__Exercise requirements__.
At the line with "R V) \<and>", start repeating the data, and continue line by line through the final line, exactly.

◇ ◇ ◇ ◇ ◇

lemma interv_asg_PiE:
  assumes "finite D" and F: "sys_of_funs D R F" and s: "s \<in> PiE D R" and xs: "wf_asgn D R xs"
  shows "interv_asg xs F s \<in> PiE D R"
proof -
  have wf: "wf (parent_rel F)" using wf_parent_rel assms(1) F .
  let ?g = "interv_asg xs F s"
  have "(V \<in> D \<longrightarrow> ?g V \<in> R V) \<and> (V \<notin> D \<longrightarrow> ?g V = undefined)" for V
  proof (induction V rule: wf_induct_rule[OF wf])
    case (1 V)
    consider x where "map_of xs V = Some x"
      | "map_of xs V = None" "V \<in> En F" | "map_of xs V = None" "V \<notin> En F"
      by (cases "map_of xs V") auto
    then show ?case
    proof cases
      case (1 x)
      then have "(V, x) \<in> set xs" by (rule map_of_SomeD)
      with xs 1 show ?thesis unfolding interv_asg_unfold[OF wf, of xs s V] wf_asgn_def by auto
    next
      case 2
      then have "V \<in> D" "PA F V \<subseteq> D - {V}" "\<forall>t\<in>PiE (PA F V) R. Fn F V t \<in> R V"
        using F unfolding sys_of_funs_def by auto
      moreover have "restrict ?g (PA F V) \<in> PiE (PA F V) R"
        using 1 \<open>PA F V \<subseteq> D - {V}\<close> \<open>V \<in> En F\<close> by (auto simp: parent_rel_def)
      ultimately show ?thesis using 2 unfolding interv_asg_unfold[OF wf, of xs s V] by auto
    next
      case 3
      with s show ?thesis unfolding interv_asg_unfold[OF wf, of xs s V] by (auto simp: PiE_def extensional_def)
    qed
  qed
  then show ?thesis by (auto simp: PiE_def extensional_def)
qed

◇ ◇ ◇ ◇ ◇

__Answer section__.
  have "(V \<in> D \<longrightarrow> ?g V \<in> R V) \<and> (V \<notin> D \<longrightarrow> ?g V = undefined)" for V
  proof (induction V rule: wf_induct_rule[OF wf])
    case (1 V)
    consider x where "map_of xs V = Some x"
      | "map_of xs V = None" "V \<in> En F" | "map_of xs V = None" "V \<notin> En F"
      by (cases "map_of xs V") auto
    then show ?case
    proof cases
      case (1 x)
      then have "(V, x) \<in> set xs" by (rule map_of_SomeD)
      with xs 1 show ?thesis unfolding interv_asg_unfold[OF wf, of xs s V] wf_asgn_def by auto
    next
      case 2
      then have "V \<in> D" "PA F V \<subseteq> D - {V}" "\<forall>t\<in>PiE (PA F V) R. Fn F V t \<in> R V"
        using F unfolding sys_of_funs_def by auto
      moreover have "restrict ?g (PA F V) \<in> PiE (PA F V) R"
        using 1 \<open>PA F V \<subseteq> D - {V}\<close> \<open>V \<in> En F\<close> by (auto simp: parent_rel_def)
      ultimately show ?thesis using 2 unfolding interv_asg_unfold[OF wf, of xs s V] by auto
    next
      case 3
      with s show ?thesis unfolding interv_asg_unfold[OF wf, of xs s V] by (auto simp: PiE_def extensional_def)
    qed
  qed
  then show ?thesis by (auto simp: PiE_def extensional_def)
qed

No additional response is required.